Will buy any some one has. Looking for a northland booty call spinnerbait. They were taken off the American market. Please pm me if you have any used or new ones you want to part with. Thanks


----------



## Legend killer (Apr 20, 2011)

Try overstock baits or something.


----------



## KaGee (Sep 8, 2006)

Google "northland booty call spinnerbait"...
about 8 hits came back.


----------



## AtticaFish (Nov 23, 2008)

Buy your self some spinner bait bodies..... Stinger Hooks...... Christmas tinsel (wait till AFTER Christmas)...... Zip Ties......

Attach stinger. Lay out twice as much tinsel as you need and wrap it to the lead collar with a zip tie. Trim to length. You could build one of those in under 2 minutes.


----------



## Legend killer (Apr 20, 2011)

Lots of better muskie spinner bait options IMO.


----------



## wallydvr (Feb 20, 2005)

Thanks guys. Found a bunch on a musky buy sell trade Facebook page.


----------



## crittergitter (Jun 9, 2005)

I agree that you could make it for very little expense, probably as low as $4 or so.


----------



## wallydvr (Feb 20, 2005)

I do want to get into making them I make alot of my own jigs now for walleye. Just need to get a few things to get set up. Also have been looking for a large spinnerbait mold to make 2 to 3 oz baits.

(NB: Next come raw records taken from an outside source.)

definition Var :: "'varsort \<Rightarrow> 'var \<Rightarrow> ('index,'bindex,'varsort,'var,'opsym) trm" where
  "Var xs x = abs_trm (qVar xs x)"

definition Op :: "'opsym \<Rightarrow> ('index, ('index,'bindex,'varsort,'var,'opsym) trm) input
   \<Rightarrow> ('bindex, ('index,'bindex,'varsort,'var,'opsym) tabs) input \<Rightarrow> ('index,'bindex,'varsort,'var,'opsym) trm" where
  "Op \<delta> inp binp = abs_trm (qOp \<delta> (lift rep_trm inp) (lift rep_tabs binp))"

definition Abs :: "'varsort \<Rightarrow> 'var \<Rightarrow> ('index,'bindex,'varsort,'var,'opsym) trm \<Rightarrow> ('index,'bindex,'varsort,'var,'opsym) tabs" where
  "Abs xs x X = abs_tabs (qAbs xs x (rep_trm X))"

definition good :: "('index,'bindex,'varsort,'var,'opsym) trm \<Rightarrow> bool" where
  "good X = qGood (rep_trm X)"

definition goodAbs :: "('index,'bindex,'varsort,'var,'opsym) tabs \<Rightarrow> bool" where
  "goodAbs A = qGoodAbs (rep_tabs A)"

definition fresh :: "'varsort \<Rightarrow> 'var \<Rightarrow> ('index,'bindex,'varsort,'var,'opsym) trm \<Rightarrow> bool" where
  "fresh xs x X = qFresh xs x (rep_trm X)"

text \<open>subst X Y y ys  =  X[Y/y]_ys\<close>
definition subst :: "('index,'bindex,'varsort,'var,'opsym) trm \<Rightarrow> ('index,'bindex,'varsort,'var,'opsym) trm
   \<Rightarrow> 'var \<Rightarrow> 'varsort \<Rightarrow> ('index,'bindex,'varsort,'var,'opsym) trm" where
  "subst X Y y ys = abs_trm (qPsubst (\<lambda>zs z. if zs = ys \<and> z = y then rep_trm Y else qVar zs z) (rep_trm X))"

definition goodInp :: "('index, ('index,'bindex,'varsort,'var,'opsym) trm) input \<Rightarrow> bool" where
  "goodInp inp = ((\<forall>i X. inp i = Some X \<longrightarrow> good X) \<and> card_of (idom inp) <o card_of (UNIV :: 'var set))"

definition goodBinp :: "('bindex, ('index,'bindex,'varsort,'var,'opsym) tabs) input \<Rightarrow> bool" where
  "goodBinp binp = ((\<forall>i A. binp i = Some A \<longrightarrow> goodAbs A) \<and> card_of (idom binp) <o card_of (UNIV :: 'var set))"

definition updVal :: "('varsort \<Rightarrow> 'var \<Rightarrow> 'd) \<Rightarrow> 'varsort \<Rightarrow> 'var \<Rightarrow> 'd \<Rightarrow> ('varsort \<Rightarrow> 'var \<Rightarrow> 'd)" where
  "updVal \<rho> xs x d = (\<lambda>ys y. if ys = xs \<and> y = x then d else \<rho> ys y)"

end

theory Submission
  imports Defs
begin

text \<open>The semantics is defined by structural recursion on quasi-terms. It depends only on the
free variables, and the semantics of a swapped quasi-term is the original semantics under the
swapped valuation; together these make it invariant under alpha-equivalence, so it descends to
terms. For the substitution law, capture-avoiding substitution renames each binder to a variable
fresh for all the substituted terms; such a variable exists because a good quasi-term has fewer
than |var| free variables and |var| is infinite and regular.\<close>

lemma card_of_ordLess_infinite_if_finite:
  assumes "finite A" and "infinite B"
  shows "|A| <o |B|"
  using assms by (intro finite_ordLess_infinite) (auto simp: Field_card_of card_of_well_order_on)

lemma ex_var_notin_small_set:
  fixes V :: "('s \<times> 'var) set"
  assumes "|V| <o |UNIV :: 'var set|"
  shows "\<exists>z. (xs, z) \<notin> V"
proof -
  have "|snd ` V| <o |UNIV :: 'var set|"
    using card_of_image assms by (rule ordLeq_ordLess_trans)
  then obtain z where "z \<notin> snd ` V"
    using ordLess_irreflexive by (metis UNIV_eq_I)
  then show ?thesis by force
qed

lemma card_of_ran_ordLeq_idom: "|ran inp| \<le>o |idom inp|"
proof -
  have "ran inp = (the \<circ> inp) ` idom inp"
    by (force simp: ran_def idom_def)
  then show ?thesis by (metis card_of_image)
qed

lemma Some_in_range_if_in_ran: "X \<in> ran inp \<Longrightarrow> Some X \<in> range inp"
  by (auto simp: ran_def intro: range_eqI[OF sym])

lemma map_option_comp_eq_if_rel_option:
  assumes "\<And>i. rel_option (\<lambda>X Y. f X = g Y) (inp i) (inp' i)"
  shows "map_option f \<circ> inp = map_option g \<circ> inp'"
proof
  fix i
  have "rel_option (=) (map_option f (inp i)) (map_option g (inp' i))"
    using assms by (simp add: option.rel_map)
  then show "(map_option f \<circ> inp) i = (map_option g \<circ> inp') i"
    by (simp add: option.rel_eq)
qed

lemma map_option_comp_cong:
  "(\<And>X. X \<in> ran inp \<Longrightarrow> f X = g X) \<Longrightarrow> map_option f \<circ> inp = map_option g \<circ> inp"
  by (force simp: fun_eq_iff ran_def intro: option.map_cong0)

lemma qGood_qOp_iff:
  "qGood (qOp \<delta> inp binp) \<longleftrightarrow>
     (\<forall>X\<in>ran inp. qGood X) \<and> (\<forall>A\<in>ran binp. qGoodAbs A) \<and>
     |idom inp| <o |UNIV :: 'var set| \<and> |idom binp| <o |UNIV :: 'var set|"
  for inp :: "('index, ('index,'bindex,'varsort,'var,'opsym) qterm) input"
  by (force simp: ran_def split: option.splits)

definition qFV :: "('index,'bindex,'varsort,'var,'opsym) qterm \<Rightarrow> ('varsort \<times> 'var) set" where
  "qFV X = {(ys, y). \<not> qFresh ys y X}"

definition qFVAbs :: "('index,'bindex,'varsort,'var,'opsym) qabs \<Rightarrow> ('varsort \<times> 'var) set" where
  "qFVAbs A = {(ys, y). \<not> qFreshAbs ys y A}"

lemma qFV_qVar [simp]: "qFV (qVar xs x) = {(xs, x)}"
  by (auto simp: qFV_def)

lemma qFV_qOp [simp]:
  "qFV (qOp \<delta> inp binp) = (\<Union>X\<in>ran inp. qFV X) \<union> (\<Union>A\<in>ran binp. qFVAbs A)"
  by (force simp: qFV_def qFVAbs_def ran_def split: option.splits)

lemma qFVAbs_qAbs [simp]: "qFVAbs (qAbs xs x X) = qFV X - {(xs, x)}"
  by (auto simp: qFV_def qFVAbs_def)

lemma Cinfinite_card_of_UNIV: "infinite (UNIV :: 'a set) \<Longrightarrow> Cinfinite |UNIV :: 'a set|"
  by (simp add: cinfinite_def Field_card_of card_of_Card_order card_of_card_order_on)

lemma qFV_qGood_ordLess:
  fixes X :: "('index,'bindex,'varsort,'var,'opsym) qterm"
    and A :: "('index,'bindex,'varsort,'var,'opsym) qabs"
  assumes inf: "infinite (UNIV :: 'var set)" and reg: "regularCard |UNIV :: 'var set|"
  shows "qGood X \<Longrightarrow> |qFV X| <o |UNIV :: 'var set|"
    and "qGoodAbs A \<Longrightarrow> |qFVAbs A| <o |UNIV :: 'var set|"
proof (induct X and A)
  case (qVar xs x)
  show ?case using inf by (simp add: card_of_ordLess_infinite_if_finite)
next
  case (qOp \<delta> inp binp)
  have Cinf: "Cinfinite |UNIV :: 'var set|"
    using inf by (rule Cinfinite_card_of_UNIV)
  have "|\<Union>X\<in>ran inp. qFV X| <o |UNIV :: 'var set|"
  proof (rule regularCard_UNION_bound[OF Cinf reg])
    show "|ran inp| <o |UNIV :: 'var set|"
      using card_of_ran_ordLeq_idom qOp.prems by (force simp: qGood_qOp_iff intro: ordLeq_ordLess_trans)
    show "|qFV X| <o |UNIV :: 'var set|" if "X \<in> ran inp" for X
      using that qOp.prems by (intro qOp.hyps(1)) (auto simp: qGood_qOp_iff ran_def intro: range_eqI[OF sym])
  qed
  moreover have "|\<Union>A\<in>ran binp. qFVAbs A| <o |UNIV :: 'var set|"
  proof (rule regularCard_UNION_bound[OF Cinf reg])
    show "|ran binp| <o |UNIV :: 'var set|"
      using card_of_ran_ordLeq_idom qOp.prems by (force simp: qGood_qOp_iff intro: ordLeq_ordLess_trans)
    show "|qFVAbs A| <o |UNIV :: 'var set|" if "A \<in> ran binp" for A
      using that qOp.prems by (intro qOp.hyps(2)) (auto simp: qGood_qOp_iff ran_def intro: range_eqI[OF sym])
  qed
  ultimately show ?case
    using inf by (simp add: card_of_Un_ordLess_infinite)
next
  case (qAbs xs x X)
  then show ?case
    using card_of_mono1[of "qFV X - {(xs, x)}" "qFV X"] ordLeq_ordLess_trans by fastforce
qed

lemma pickFresh_notin_qFV:
  fixes X :: "('index,'bindex,'varsort,'var,'opsym) qterm"
  assumes inf: "infinite (UNIV :: 'var set)" and reg: "regularCard |UNIV :: 'var set|"
    and "qGood X" and "\<And>ys y. qGood (\<sigma> ys y)"
    and "(ys, y) \<in> qFVAbs (qAbs xs x X)"
  shows "(xs, pickFresh \<sigma> xs x X) \<notin> qFV (\<sigma> ys y)"
proof -
  let ?F = "qFVAbs (qAbs xs x X)"
  have Cinf: "Cinfinite |UNIV :: 'var set|"
    using inf by (rule Cinfinite_card_of_UNIV)
  have F: "|?F| <o |UNIV :: 'var set|"
    using assms(3) by (intro qFV_qGood_ordLess(2)[OF inf reg]) simp
  have "|\<Union>(ys, y)\<in>?F. qFV (\<sigma> ys y)| <o |UNIV :: 'var set|"
    by (intro regularCard_UNION_bound[OF Cinf reg F])
      (simp add: split_beta qFV_qGood_ordLess(1)[OF inf reg assms(4)])
  with F have "|?F \<union> (\<Union>(ys, y)\<in>?F. qFV (\<sigma> ys y))| <o |UNIV :: 'var set|"
    using inf by (simp add: card_of_Un_ordLess_infinite)
  then obtain z where "(xs, z) \<notin> ?F \<union> (\<Union>(ys, y)\<in>?F. qFV (\<sigma> ys y))"
    by (meson ex_var_notin_small_set)
  then have "\<exists>z. qFreshAbs xs z (qAbs xs x X) \<and>
      (\<forall>ys y. \<not> qFreshAbs ys y (qAbs xs x X) \<longrightarrow> qFresh xs z (\<sigma> ys y))"
    unfolding qFV_def qFVAbs_def by blast
  then have "\<forall>ys y. \<not> qFreshAbs ys y (qAbs xs x X) \<longrightarrow> qFresh xs (pickFresh \<sigma> xs x X) (\<sigma> ys y)"
    unfolding pickFresh_def by (rule someI2_ex) blast
  then show ?thesis
    using assms(5) unfolding qFV_def qFVAbs_def by blast
qed

lemma sw_eq_sw_iff: "sw xs x y zs z = sw xs x y zs z' \<longleftrightarrow> z = z'"
  by (auto simp: sw_def)

lemma equivclp_invariant:
  assumes "equivclp r a b" and "\<And>x y. r x y \<Longrightarrow> f x = f y"
  shows "f a = f b"
  using assms by (induct rule: equivclp_induct) auto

these are my customs that I pour ,paint and tie. So buck tails and spinnerbait s are in the near future


----------



## crittergitter (Jun 9, 2005)

I've made some that were 2 oz and 2.5 oz and I really didn't like them. At least for around here, it seems that 1 to 1.5 oz spinnerbaits are perfect! I've never had a follow on the bigger ones. 

It's strange, bigger rubber works, and big gliders seem to work. Though, I've never gotten a follow or hooked up on a big SB or a big BT.


----------



## NewbreedFishing (Apr 15, 2004)

I have never heard of the booty call, looks good! I use a lot of the black and orange 1/2oz reed runners and have a bunch of the mag reed runners for long casts.


----------



## Legend killer (Apr 20, 2011)

crittergitter said:


> I've made some that were 2 oz and 2.5 oz and I really didn't like them. At least for around here, it seems that 1 to 1.5 oz spinnerbaits are perfect! I've never had a follow on the bigger ones.
> 
> 
> 
> It's strange, bigger rubber works, and big gliders seem to work. Though, I've never gotten a follow or hooked up on a big SB or a big BT.



Look at the forage. I still do good on 12 and 13's at cave run though.


----------



## wallydvr (Feb 20, 2005)

crittergitter said:


> I've made some that were 2 oz and 2.5 oz and I really didn't like them. At least for around here, it seems that 1 to 1.5 oz spinnerbaits are perfect! I've never had a follow on the bigger ones.
> 
> It's strange, bigger rubber works, and big gliders seem to work. Though, I've never gotten a follow or hooked up on a big SB or a big BT.


Where did you get your mold for your 2 and 2.5 oz spinnerbait s critter ?


----------



## crittergitter (Jun 9, 2005)

http://www.lurepartsonline.com/


----------